RATINGS AGENCY RESPONSE:GLOBAL RATINGS agency Fitch has reaffirmed its triple-A rating for State debt in the wake of the Government's announcement of its guarantee for Irish banks.
The agency affirmed Ireland's long-term foreign and local currency issuer default ratings as "AAA" with a "stable outlook".
The rating is a measure of the agency's view of the ability of Ireland to meet its financial commitments on a timely basis. AAA is the highest possible rating.
Some observers had questioned whether the Government's huge guarantee for Irish banks would have the effect of downgrading Ireland's credit rating.
Commenting on the Government's two-year guarantee on the deposits and debt liabilities of six domestic banks, the agency said: "This proactive measure should help buttress confidence in the Irish financial system and limit the risks of a deeper-and-more-prolonged-than-necessary recession at a time of unusual stress in global banking markets.
"While the amount of liabilities covered by the guarantee is more than double Irish gross domestic product [GDP], the Government will receive fee income to help protect taxpayers against any potential costs relating to possible calls on the guarantee."

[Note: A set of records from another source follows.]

text \<open>Max-plus semiring R_max = R \<union> {-\<infinity>} is modelled inside ereal, by requiring
  the value +\<infinity> never to occur.\<close>

definition rmax_vec :: "('n \<Rightarrow> ereal) \<Rightarrow> bool" where
  "rmax_vec x \<longleftrightarrow> (\<forall>i. x i \<noteq> \<infinity>)"

definition trop_hyperplane :: "('n::finite \<Rightarrow> ereal) \<Rightarrow> ('n \<Rightarrow> ereal) set" where
  "trop_hyperplane b = {y. rmax_vec y \<and>
     (\<exists>i j. i \<noteq> j \<and> b i + y i = (SUP k. b k + y k) \<and> b j + y j = (SUP k. b k + y k))}"

text \<open>Hilbert's projective metric, with d(bot,bot) = 0 and inf of the empty set = +\<infinity>.\<close>
definition hilbert_dist :: "('n \<Rightarrow> ereal) \<Rightarrow> ('n \<Rightarrow> ereal) \<Rightarrow> ereal" where
  "hilbert_dist x y =
     (if (\<forall>i. x i = -\<infinity>) \<and> (\<forall>i. y i = -\<infinity>) then 0
      else Inf {ereal (l - m) | l m. \<forall>i. ereal m + y i \<le> x i \<and> x i \<le> ereal l + y i})"

definition hausdorff_dir :: "('n \<Rightarrow> ereal) set \<Rightarrow> ('n \<Rightarrow> ereal) set \<Rightarrow> ereal" where
  "hausdorff_dir A B = (SUP a\<in>A. INF y\<in>B. hilbert_dist a y)"

definition columns :: "('n \<Rightarrow> 'p \<Rightarrow> ereal) \<Rightarrow> ('n \<Rightarrow> ereal) set" where
  "columns V = {(\<lambda>i. V i k) | k. True}"

text \<open>The operator T; max over an empty set is -\<infinity> (= Sup {} in ereal).\<close>
definition opT :: "('n \<Rightarrow> 'p \<Rightarrow> ereal) \<Rightarrow> ('n \<Rightarrow> ereal) \<Rightarrow> 'n \<Rightarrow> ereal" where
  "opT V x i = (INF k\<in>{k. V i k \<noteq> -\<infinity>}. - V i k + (SUP j\<in>{j. j \<noteq> i}. V j k + x j))"

end

theory Submission
  imports Defs
begin

text \<open>Read T(b) \<ge> \<lambda> + b column by column: for a column v and an index i with v_i finite it
  says that the gap v_i + b_i - max_{j \<noteq> i} (v_j + b_j) is at most -\<lambda>. Every gap bounds
  d(v, H_b) from below: if y \<in> H_b and m + y \<le> v \<le> l + y, the maximum of b + y is attained
  at some t \<noteq> i, so v_i + b_i \<le> l + b_t + y_t \<le> (l - m) + v_t + b_t. Conversely, lowering
  the coordinate t at which v + b is maximal by its gap yields a point of H_b (the maximum
  of b + y is then attained at t and at the second maximiser), and this point is at
  distance equal to that gap from v.\<close>

lemma hilbert_dist_le:
  \<comment> \<open>\<open>m \<le> l\<close> is needed because of the convention d(\<bottom>, \<bottom>) = 0.\<close>
  assumes "\<forall>i. ereal m + y i \<le> x i \<and> x i \<le> ereal l + y i" and "m \<le> l"
  shows "hilbert_dist x y \<le> ereal (l - m)"
proof -
  have "Inf {ereal (l - m) | l m. \<forall>i. ereal m + y i \<le> x i \<and> x i \<le> ereal l + y i}
      \<le> ereal (l - m)"
    using assms(1) by (intro Inf_lower) blast
  then show ?thesis
    using assms(2) unfolding hilbert_dist_def by auto
qed

lemma hilbert_dist_lessE:
  assumes "hilbert_dist x y < ereal r" and "\<exists>i. x i \<noteq> -\<infinity>"
  obtains l m where "\<forall>i. ereal m + y i \<le> x i \<and> x i \<le> ereal l + y i" and "l - m < r"
proof -
  have not_bot: "\<not> ((\<forall>i. x i = -\<infinity>) \<and> (\<forall>i. y i = -\<infinity>))"
    using assms(2) by blast
  have "Inf {ereal (l - m) | l m. \<forall>i. ereal m + y i \<le> x i \<and> x i \<le> ereal l + y i} < ereal r"
    using assms(1) unfolding hilbert_dist_def if_not_P[OF not_bot] .
  then show thesis
    using that by (auto simp: Inf_less_iff)
qed

lemma SUP_finite_attained:
  fixes f :: "'a \<Rightarrow> 'b::complete_linorder"
  assumes "finite A" and "A \<noteq> {}"
  obtains x where "x \<in> A" and "(SUP a\<in>A. f a) = f x"
proof -
  have "(SUP a\<in>A. f a) \<in> f ` A"
    using assms Max_in[of "f ` A"] Max_Sup[of "f ` A"] by simp
  then show ?thesis
    using that by blast
qed

lemma trop_hyperplaneI:
  assumes "rmax_vec y" and "s \<noteq> t" and "b s + y s = b t + y t"
    and "\<forall>k. b k + y k \<le> b t + y t"
  shows "y \<in> trop_hyperplane b"
proof -
  have "(SUP k. b k + y k) = b t + y t"
    using assms(4) by (intro antisym SUP_least SUP_upper) auto
  then show ?thesis
    using assms unfolding trop_hyperplane_def by auto
qed

lemma trop_hyperplane_max_elsewhere:
  assumes "y \<in> trop_hyperplane b"
  obtains t where "t \<noteq> i" and "\<forall>k. b k + y k \<le> b t + y t"
proof -
  obtain s s' where "s \<noteq> s'" and "b s + y s = (SUP k. b k + y k)"
    and "b s' + y s' = (SUP k. b k + y k)"
    using assms unfolding trop_hyperplane_def by blast
  then obtain t where "t \<noteq> i" and "b t + y t = (SUP k. b k + y k)"
    by metis
  moreover have "\<forall>k. b k + y k \<le> (SUP k. b k + y k)"
    by (auto intro: SUP_upper)
  ultimately show ?thesis
    using that by metis
qed

lemma trop_hyperplane_gap_le:
  assumes "y \<in> trop_hyperplane b" and "\<forall>j. ereal m + y j \<le> v j \<and> v j \<le> ereal l + y j"
  shows "v i + b i \<le> ereal (l - m) + (SUP j\<in>{j. j \<noteq> i}. v j + b j)"
proof -
  obtain t where t: "t \<noteq> i" and t_max: "\<forall>k. b k + y k \<le> b t + y t"
    using assms(1) by (rule trop_hyperplane_max_elsewhere)
  have "v i + b i \<le> ereal l + (b i + y i)"
    using assms(2) add_right_mono[of "v i" "ereal l + y i" "b i"] by (simp add: ac_simps)
  also have "\<dots> \<le> ereal l + (b t + y t)"
    using t_max by (simp add: add_left_mono)
  also have "\<dots> = ereal (l - m) + ((ereal m + y t) + b t)"
  proof -
    have "ereal l = ereal (l - m) + ereal m"
      by simp
    then show ?thesis
      by (simp only: ac_simps)
  qed
  also have "\<dots> \<le> ereal (l - m) + (v t + b t)"
    using assms(2) by (intro add_left_mono add_right_mono) simp
  also have "\<dots> \<le> ereal (l - m) + (SUP j\<in>{j. j \<noteq> i}. v j + b j)"
    using t by (intro add_left_mono SUP_upper) simp
  finally show ?thesis .
qed

lemma self_in_trop_hyperplane:
  assumes "rmax_vec v" and "rmax_vec b" and "v i \<noteq> -\<infinity>" and "b j \<noteq> -\<infinity>"
    and "\<forall>k. v k + b k = -\<infinity>"
  shows "v \<in> trop_hyperplane b"
proof -
  have "i \<noteq> j"
  proof
    assume "i = j"
    then have "v i + b i \<noteq> -\<infinity>"
      using assms(1-4) unfolding rmax_vec_def by (cases "v i"; cases "b i") auto
    then show False
      using assms(5) by simp
  qed
  moreover have bot: "\<And>k. b k + v k = -\<infinity>"
    using assms(5) by (simp add: add.commute)
  ultimately show ?thesis
    by (intro trop_hyperplaneI[OF assms(1)]) (simp_all only: bot order_refl simp_thms)
qed
(* Assume the setup of the context, with $d_R\ge 2$, a glue code $H_G$ compatible with the memory via pasting matrices $S\neq 0$, $T$, and $d$ the memory distance. (A) Suppose the glue code is finely devised for $\Sigma$, and consider the measurement-sticker deformed code. Then: (i) $\{hP^{\mathrm T}: h\in\mathrm{rs}H^{M\text{-}M}_X\}=\mathrm{rs}H_X$, where $hP^{\mathrm T}$ denotes the restriction of $h$ to the block $u_0$; (ii) for every $h\in\mathrm{rs}H_Z$, the vector equal to $h$ on $u_0$ and zero elsewhere lies in $\mathrm{rs}H^{M\text{-}M}_Z$; (iii) for every $x\in\mathrm{rs}J_X$ with $xJ_{Z,A}^{\mathrm T}=0$ there exists $x'\in\mathrm{rs}J^{M\text{-}M}_X$ whose restriction to $u_0$ equals $x$; (iv) for every $z\in\mathrm{rs}J_Z$, the vector equal to $z$ on $u_0$ and zero elsewhere lies in $\mathrm{rs}J^{M\text{-}M}_Z+\mathrm{rs}H^{M\text{-}M}_Z$; (v) for every $z\in\mathrm{rs}J_{Z,A}$, the vector equal to $z$ on $u_0$ and zero elsewhere lies in $\mathrm{rs}H^{M\text{-}M}_Z$; (vi) the distance of the measurement-sticker deformed code is at least $\min\{d/|S|,d_R\}$. (B) Suppose the glue code is coarsely devised for $\Sigma$, and consider the branch-sticker deformed code. Then (i) and (ii) hold with $H^{M\text{-}B}_X,H^{M\text{-}B}_Z$ in place of $H^{M\text{-}M}_X,H^{M\text{-}M}_Z$, and moreover: (iii') for every $x\in\mathrm{rs}J_X$ there exists $x'\in\mathrm{rs}J^{M\text{-}B}_X$ whose restriction to $u_0$ equals $x$; (iv') for every $z\in\mathrm{rs}J_Z$, the vector equal to $z$ on $u_0$ and zero elsewhere lies in $\mathrm{rs}J^{M\text{-}B}_Z$; (v') for every $z\in\mathrm{rs}J_{Z,A}$ there exists $g\in\mathrm{rs}H^{M\text{-}B}_Z$ such that (the vector equal to $z$ on $u_0$ and zero elsewhere) $+\,g$ is supported entirely in the open-boundary block $u_{d_R-1}$; (vi') the distance of the branch-sticker deformed code is at least $d/|S|$.
   Context: All vectors are row vectors over $\mathbb F_2$. For a matrix $A$, $\mathrm{rs}A$ is its row space and $\ker A=\{x: Ax^{\mathrm T}=0\}$; for a set $V$ of row vectors and a matrix $M$, $VM=\{vM:v\in V\}$. $|x|$ is the Hamming weight and $E_m$ the $m\times m$ identity. The memory is a CSS subsystem code specified by $H_X\in\mathbb F_2^{r_X\times n}$, $H_Z\in\mathbb F_2^{r_Z\times n}$, $J_X,J_Z\in\mathbb F_2^{k\times n}$, $F_X,F_Z\in\mathbb F_2^{k_g\times n}$ satisfying $\ker H_X=\mathrm{rs}H_Z\oplus\mathrm{rs}J_Z\oplus\mathrm{rs}F_Z$, $\ker H_Z=\mathrm{rs}H_X\oplus\mathrm{rs}J_X\oplus\mathrm{rs}F_X$, $J_XJ_Z^{\mathrm T}=E_k$, $F_XF_Z^{\mathrm T}=E_{k_g}$. For matrices $H,J$ with the same number of columns, $d(H,J)=\min\{|e|: e\in\ker H,\ Je^{\mathrm T}\neq0\}$; the memory distance is $d=\min\{d(H_X,J_X),d(H_Z,J_Z)\}$, and the distance of a deformed code with matrices $H^{dc}_X,H^{dc}_Z,J^{dc}_X,J^{dc}_Z$ is $\min\{d(H^{dc}_X,J^{dc}_X),d(H^{dc}_Z,J^{dc}_Z)\}$. For $S\in\mathbb F_2^{n_G\times n}$, $|S|=\max_{x\neq0}|xS|/|x|$. Let $v_1,\dots,v_q\in\mathrm{rs}J_Z$ be linearly independent (representing the operator set $\Sigma$), $J_{Z,A}$ the matrix with rows $v_1,\dots,v_q$; extend to a basis $v_1,\dots,v_k$ of $\mathrm{rs}J_Z$ and let $J_{Z,C}$ have rows $v_{q+1},\dots,v_k$. Let $\bar J_Z$ be the invertible $k\times k$ matrix with $\binom{J_{Z,A}}{J_{Z,C}}=\bar J_ZJ_Z$ and define $J_{X,A}\in\mathbb F_2^{q\times n}$, $J_{X,C}\in\mathbb F_2^{(k-q)\times n}$ by $\binom{J_{X,A}}{J_{X,C}}=(\bar J_Z^{-1})^{\mathrm T}J_X$. A glue code is a binary linear code with check matrix $H_G\in\mathbb F_2^{r_G\times n_G}$; it is compatible via pasting matrices $S\in\mathbb F_2^{n_G\times n}$, $T\in\mathbb F_2^{r_X\times r_G}$ if $H_XS^{\mathrm T}=TH_G$; it is coarsely devised for $\Sigma$ if $\mathrm{span}(v_1,\dots,v_q)\subseteq(\ker H_G)S$, and finely devised for $\Sigma$ if there exist $u_1,u_2,\dots\in\mathrm{rs}H_Z\oplus\mathrm{rs}F_Z$ with $\mathrm{span}(v_1,\dots,v_q,u_1,u_2,\dots)=(\ker H_G)S$. When finely devised, fix $\gamma\in\mathbb F_2^{(k-q)\times r_G}$ with $J_{X,C}S^{\mathrm T}=\gamma H_G$ (such $\gamma$ exists). Measurement-sticker deformed code: coordinates are split into blocks $u_0\in\mathbb F_2^n$, $u_1,\dots,u_{d_R-1}\in\mathbb F_2^{n_G}$, $w_1,\dots,w_{d_R}\in\mathbb F_2^{r_G}$. $H^{M\text{-}M}_X$ has row-block $0$ equal to $H_X$ on $u_0$ and $T$ on $w_1$, and for $1\le j\le d_R-1$ row-block $j$ equal to $H_G$ on $u_j$, $E_{r_G}$ on $w_j$ and $E_{r_G}$ on $w_{j+1}$ (zero elsewhere). $H^{M\text{-}M}_Z$ has row-block $0$ equal to $H_Z$ on $u_0$, and for $1\le i\le d_R$ row-block $i$ equal to $S$ on $u_0$ (only if $i=1$), $E_{n_G}$ on $u_{i-1}$ (only if $i\ge2$), $E_{n_G}$ on $u_i$ (only if $i\le d_R-1$), and $H_G^{\mathrm T}$ on $w_i$. $J^{M\text{-}M}_X$ equals $J_{X,C}$ on $u_0$, $J_{X,C}S^{\mathrm T}$ on each of $u_1,\dots,u_{d_R-1}$, $0$ on $w_1,\dots,w_{d_R-1}$ and $\gamma$ on $w_{d_R}$; $J^{M\text{-}M}_Z$ equals $J_{Z,C}$ on $u_0$ and $0$ elsewhere. Branch-sticker deformed code: blocks $u_0\in\mathbb F_2^n$, $u_1,\dots,u_{d_R-1}\in\mathbb F_2^{n_G}$, $w_1,\dots,w_{d_R-1}\in\mathbb F_2^{r_G}$. $H^{M\text{-}B}_X$ has row-block $0$ equal to $H_X$ on $u_0$ and $T$ on $w_1$, and for $1\le j\le d_R-1$ row-block $j$ equal to $H_G$ on $u_j$, $E_{r_G}$ on $w_j$ and $E_{r_G}$ on $w_{j+1}$ (the latter only if $j\le d_R-2$). $H^{M\text{-}B}_Z$ has row-block $0$ equal to $H_Z$ on $u_0$, and for $1\le i\le d_R-1$ row-block $i$ equal to $S$ on $u_0$ (only if $i=1$), $E_{n_G}$ on $u_{i-1}$ (only if $i\ge 2$), $E_{n_G}$ on $u_i$, and $H_G^{\mathrm T}$ on $w_i$. With $J'_X=\binom{J_{X,A}}{J_{X,C}}$, $J'_Z=\binom{J_{Z,A}}{J_{Z,C}}$: $J^{M\text{-}B}_X$ equals $J'_X$ on $u_0$, $J'_XS^{\mathrm T}$ on each $u_j$ ($1\le j\le d_R-1$) and $0$ on all $w_j$; $J^{M\text{-}B}_Z$ equals $J'_Z$ on $u_0$ and $0$ elsewhere. The block $u_{d_R-1}$ is called the open boundary. *)

theory Defs
  imports "Jordan_Normal_Form.Matrix" "HOL-Library.Z2" "HOL-Library.Extended_Real"
begin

It added: "Moreover, Ireland's low Government debt ratio - at 25.4 per cent of GDP at end-2007 compared to an 'AAA' median of 44.4 per cent - gives the Government significant balance-sheet headroom to absorb fiscal costs pertaining to the guarantees, should any materialise, enhancing the credibility of the measure."
Another global ratings agency, Moodys, said last night that it viewed the guarantee as "being potentially helpful as it should improve the ability of the six institutions to raise funding in the capital markets at a time when many financial institutions are suffering from a lack of market confidence".